(* Let $h_1,h_2,h_3$ be germs of holomorphic functions at the origin of $\mathbb C^2$ and let $a$ be a positive integer. Set $\omega_i=dy+y^a h_i(x,y)\,dx$ for $i=1,2,3$ and $h_{ij}=h_i-h_j$, and assume that $y$ does not divide $h_{ij}$ for $i\ne j$. Then the curvature of the $3$-web defined by $\omega_1\omega_2\omega_3=0$ is holomorphic along $\{y=0\}$ if and only if $y^a$ divides $$\frac{\partial}{\partial x}\left(\frac{h_{12}\,\partial_x h_{23}-h_{23}\,\partial_x h_{12}}{h_{12}\,h_{23}\,h_{31}}\right).$$
   Context: Holomorphy "along $\{y=0\}$" and divisibility by $y^a$ are understood at generic points of $\{y=0\}$ near the origin (the displayed function is meromorphic and holomorphic at generic points of $\{y=0\}$; $y^a$ divides it means its quotient by $y^a$ is holomorphic there). The curvature of a $3$-web given by $1$-forms $\omega_1,\omega_2,\omega_3$ is defined off the discriminant as follows: rescale the forms to $\tilde\omega_i$ with $\tilde\omega_1+\tilde\omega_2+\tilde\omega_3=0$; there is a unique $1$-form $\eta$ with $d\tilde\omega_i=\eta\wedge\tilde\omega_i$ for all $i$, and the curvature is the $2$-form $d\eta$ (independent of choices); it is meromorphic with poles in the discriminant. *)

theory Defs
  imports "HOL-Analysis.Analysis"
begin

definition holo2 :: "(complex \<times> complex \<Rightarrow> complex) \<Rightarrow> (complex \<times> complex) set \<Rightarrow> bool" where
  "holo2 f N \<longleftrightarrow> open N \<and> (\<forall>z\<in>N. \<exists>D. (f has_derivative D) (at z) \<and>
       (\<forall>c u v. D (c * u, c * v) = c * D (u, v)))"

definition px :: "(complex \<times> complex \<Rightarrow> complex) \<Rightarrow> complex \<times> complex \<Rightarrow> complex" where
  "px f z = deriv (\<lambda>t. f (t, snd z)) (fst z)"

definition py :: "(complex \<times> complex \<Rightarrow> complex) \<Rightarrow> complex \<times> complex \<Rightarrow> complex" where
  "py f z = deriv (\<lambda>t. f (fst z, t)) (snd z)"

text \<open>A 1-form P dx + Q dy is represented by the pair (P, Q);
  a 2-form R dx/\<and>dy by its coefficient R.\<close>
type_synonym form1 = "(complex \<times> complex \<Rightarrow> complex) \<times> (complex \<times> complex \<Rightarrow> complex)"
type_synonym form2 = "complex \<times> complex \<Rightarrow> complex"

definition ext_d :: "form1 \<Rightarrow> form2" where
  "ext_d w = (\<lambda>z. px (snd w) z - py (fst w) z)"

definition wedge :: "form1 \<Rightarrow> form1 \<Rightarrow> form2" where
  "wedge u w = (\<lambda>z. fst u z * snd w z - snd u z * fst w z)"

definition scale_form :: "(complex \<times> complex \<Rightarrow> complex) \<Rightarrow> form1 \<Rightarrow> form1" where
  "scale_form l w = ((\<lambda>z. l z * fst w z), (\<lambda>z. l z * snd w z))"

text \<open>K is the curvature of the 3-web given by w1, w2, w3 on the open set V
  (lying off the discriminant): locally on V one can rescale the forms by nonvanishing
  holomorphic functions so that they sum to zero, there is a holomorphic 1-form eta
  with d(l_i w_i) = eta /\<and> (l_i w_i), and K = d eta.\<close>
definition web_curvature :: "(complex \<times> complex) set \<Rightarrow> form1 \<Rightarrow> form1 \<Rightarrow> form1 \<Rightarrow> form2 \<Rightarrow> bool" where
  "web_curvature V w1 w2 w3 K \<longleftrightarrow>
     (\<forall>p\<in>V. \<exists>N l1 l2 l3 eta. open N \<and> p \<in> N \<and> N \<subseteq> V \<and>
        holo2 l1 N \<and> holo2 l2 N \<and> holo2 l3 N \<and>
        holo2 (fst eta) N \<and> holo2 (snd eta) N \<and>
        (\<forall>z\<in>N. l1 z \<noteq> 0 \<and> l2 z \<noteq> 0 \<and> l3 z \<noteq> 0) \<and>
        (\<forall>z\<in>N. fst (scale_form l1 w1) z + fst (scale_form l2 w2) z + fst (scale_form l3 w3) z = 0
              \<and> snd (scale_form l1 w1) z + snd (scale_form l2 w2) z + snd (scale_form l3 w3) z = 0) \<and>
        (\<forall>z\<in>N. ext_d (scale_form l1 w1) z = wedge eta (scale_form l1 w1) z
              \<and> ext_d (scale_form l2 w2) z = wedge eta (scale_form l2 w2) z
              \<and> ext_d (scale_form l3 w3) z = wedge eta (scale_form l3 w3) z) \<and>
        (\<forall>z\<in>N. K z = ext_d eta z))"

text \<open>A function F, given on the (dense open) set V, is holomorphic at generic points of
  {y=0} near the origin: for all x0 in a small disc outside a finite set, F agrees on V near
  (x0,0) with a function holomorphic in a neighbourhood of (x0,0).\<close>
definition holo_along_y0 :: "(complex \<times> complex) set \<Rightarrow> (complex \<times> complex \<Rightarrow> complex) \<Rightarrow> bool" where
  "holo_along_y0 V F \<longleftrightarrow> (\<exists>r>0. \<exists>S. finite S \<and> (\<forall>x0. cmod x0 < r \<and> x0 \<notin> S \<longrightarrow>
      (\<exists>e>0. \<exists>g. holo2 g (ball (x0, 0) e) \<and> (\<forall>z\<in>ball (x0, 0) e \<inter> V. F z = g z))))"

definition ypow_dvd_along_y0 :: "nat \<Rightarrow> (complex \<times> complex) set \<Rightarrow> (complex \<times> complex \<Rightarrow> complex) \<Rightarrow> bool" where
  "ypow_dvd_along_y0 a V F \<longleftrightarrow> (\<exists>r>0. \<exists>S. finite S \<and> (\<forall>x0. cmod x0 < r \<and> x0 \<notin> S \<longrightarrow>
      (\<exists>e>0. \<exists>g. holo2 g (ball (x0, 0) e) \<and> (\<forall>z\<in>ball (x0, 0) e \<inter> V. F z = (snd z) ^ a * g z))))"

definition y_dvd_germ :: "(complex \<times> complex \<Rightarrow> complex) \<Rightarrow> bool" where
  "y_dvd_germ f \<longleftrightarrow> (\<exists>e>0. \<exists>g. holo2 g (ball 0 e) \<and> (\<forall>z\<in>ball 0 e. f z = snd z * g z))"

end

(*
  Rescaling \<omega>1, \<omega>2, \<omega>3 by h23, h31, h12 makes them sum to zero, and the structure equations
  d\<omega>i' = \<eta> \<and> \<omega>i' become linear in \<eta> = P dx + Q dy and can be solved explicitly. Any other
  normalization differs by a common nonvanishing factor \<mu>; it changes \<eta> by d log \<mu> and leaves
  d\<eta> unchanged, so the curvature is \<partial>x Q - \<partial>y P. Expanding the solution gives
  Q = B + a/y + G/y^a, where G is the quotient in the statement and B and P are holomorphic
  wherever no hij vanishes, also across y = 0. Hence the curvature is \<partial>x G / y^a plus a function
  that is holomorphic near every point of {y = 0} off the zeros of the hij on the axis (finitely
  many, because y does not divide hij), and it is holomorphic there iff y^a divides \<partial>x G.

  Holomorphy in two variables is handled through continuity plus holomorphy in each variable
  separately (Osgood's lemma); Cauchy estimates on the slices show that this class is closed
  under partial differentiation and that mixed partial derivatives commute.
*)

theory Submission
  imports Defs "HOL-Complex_Analysis.Complex_Analysis"
begin

section \<open>Separately holomorphic functions\<close>

text \<open>By Osgood's lemma (\<open>sep_holo_imp_holo2\<close>, \<open>holo2_imp_sep_holo\<close>) this is equivalent to
  \<open>holo2\<close>, but closure under partial differentiation is easier to see for it.\<close>

definition sep_holo :: "(complex \<times> complex \<Rightarrow> complex) \<Rightarrow> (complex \<times> complex) set \<Rightarrow> bool" where
  "sep_holo f N \<longleftrightarrow> open N \<and> continuous_on N f \<and>
     (\<forall>(x, y)\<in>N. (\<lambda>t. f (t, y)) field_differentiable at x \<and> (\<lambda>t. f (x, t)) field_differentiable at y)"

lemma sep_holoI:
  assumes "open N" "continuous_on N f"
    "\<And>x y. (x, y) \<in> N \<Longrightarrow> (\<lambda>t. f (t, y)) field_differentiable at x"
    "\<And>x y. (x, y) \<in> N \<Longrightarrow> (\<lambda>t. f (x, t)) field_differentiable at y"
  shows "sep_holo f N"
  using assms by (auto simp: sep_holo_def)

lemma
  assumes "sep_holo f N"
  shows sep_holo_open: "open N" and sep_holo_continuous: "continuous_on N f"
    and sep_holo_differentiable_x: "(x, y) \<in> N \<Longrightarrow> (\<lambda>t. f (t, y)) field_differentiable at x"
    and sep_holo_differentiable_y: "(x, y) \<in> N \<Longrightarrow> (\<lambda>t. f (x, t)) field_differentiable at y"
  using assms by (auto simp: sep_holo_def)

lemma sep_holo_subset: "sep_holo f N \<Longrightarrow> open M \<Longrightarrow> M \<subseteq> N \<Longrightarrow> sep_holo f M"
  unfolding sep_holo_def by (auto intro: continuous_on_subset)

lemma sep_holo_const: "open N \<Longrightarrow> sep_holo (\<lambda>z. c) N"
  by (auto simp: sep_holo_def)

lemma sep_holo_snd: "open N \<Longrightarrow> sep_holo snd N"
  by (auto simp: sep_holo_def intro!: continuous_intros field_differentiable_ident)

lemma sep_holo_add: "sep_holo f N \<Longrightarrow> sep_holo g N \<Longrightarrow> sep_holo (\<lambda>z. f z + g z) N"
  by (auto simp: sep_holo_def intro!: continuous_intros field_differentiable_add)

lemma sep_holo_diff: "sep_holo f N \<Longrightarrow> sep_holo g N \<Longrightarrow> sep_holo (\<lambda>z. f z - g z) N"
  by (auto simp: sep_holo_def intro!: continuous_intros field_differentiable_diff)

lemma sep_holo_mult: "sep_holo f N \<Longrightarrow> sep_holo g N \<Longrightarrow> sep_holo (\<lambda>z. f z * g z) N"
  by (auto simp: sep_holo_def intro!: continuous_intros field_differentiable_mult)

lemma sep_holo_divide:
  "sep_holo f N \<Longrightarrow> sep_holo g N \<Longrightarrow> (\<And>z. z \<in> N \<Longrightarrow> g z \<noteq> 0) \<Longrightarrow> sep_holo (\<lambda>z. f z / g z) N"
  by (auto simp: sep_holo_def intro!: continuous_intros field_differentiable_divide)

lemma sep_holo_power: "sep_holo f N \<Longrightarrow> sep_holo (\<lambda>z. f z ^ n) N"
  by (induction n) (auto intro: sep_holo_const sep_holo_mult sep_holo_open)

▶ ASSIGNMENT:
Word for word, set down the lines from the beginning of the records through the line that holds "a 2-form R dx/\<and>dy". Leave out the rest.

▶ RESULT OF THE EXERCISE:
(* Let $h_1,h_2,h_3$ be germs of holomorphic functions at the origin of $\mathbb C^2$ and let $a$ be a positive integer. Set $\omega_i=dy+y^a h_i(x,y)\,dx$ for $i=1,2,3$ and $h_{ij}=h_i-h_j$, and assume that $y$ does not divide $h_{ij}$ for $i\ne j$. Then the curvature of the $3$-web defined by $\omega_1\omega_2\omega_3=0$ is holomorphic along $\{y=0\}$ if and only if $y^a$ divides $$\frac{\partial}{\partial x}\left(\frac{h_{12}\,\partial_x h_{23}-h_{23}\,\partial_x h_{12}}{h_{12}\,h_{23}\,h_{31}}\right).$$
   Context: Holomorphy "along $\{y=0\}$" and divisibility by $y^a$ are understood at generic points of $\{y=0\}$ near the origin (the displayed function is meromorphic and holomorphic at generic points of $\{y=0\}$; $y^a$ divides it means its quotient by $y^a$ is holomorphic there). The curvature of a $3$-web given by $1$-forms $\omega_1,\omega_2,\omega_3$ is defined off the discriminant as follows: rescale the forms to $\tilde\omega_i$ with $\tilde\omega_1+\tilde\omega_2+\tilde\omega_3=0$; there is a unique $1$-form $\eta$ with $d\tilde\omega_i=\eta\wedge\tilde\omega_i$ for all $i$, and the curvature is the $2$-form $d\eta$ (independent of choices); it is meromorphic with poles in the discriminant. *)

theory Defs
  imports "HOL-Analysis.Analysis"
begin

definition holo2 :: "(complex \<times> complex \<Rightarrow> complex) \<Rightarrow> (complex \<times> complex) set \<Rightarrow> bool" where
  "holo2 f N \<longleftrightarrow> open N \<and> (\<forall>z\<in>N. \<exists>D. (f has_derivative D) (at z) \<and>
       (\<forall>c u v. D (c * u, c * v) = c * D (u, v)))"

definition px :: "(complex \<times> complex \<Rightarrow> complex) \<Rightarrow> complex \<times> complex \<Rightarrow> complex" where
  "px f z = deriv (\<lambda>t. f (t, snd z)) (fst z)"

definition py :: "(complex \<times> complex \<Rightarrow> complex) \<Rightarrow> complex \<times> complex \<Rightarrow> complex" where
  "py f z = deriv (\<lambda>t. f (fst z, t)) (snd z)"

text \<open>A 1-form P dx + Q dy is represented by the pair (P, Q);
  a 2-form R dx/\<and>dy by its coefficient R.\<close>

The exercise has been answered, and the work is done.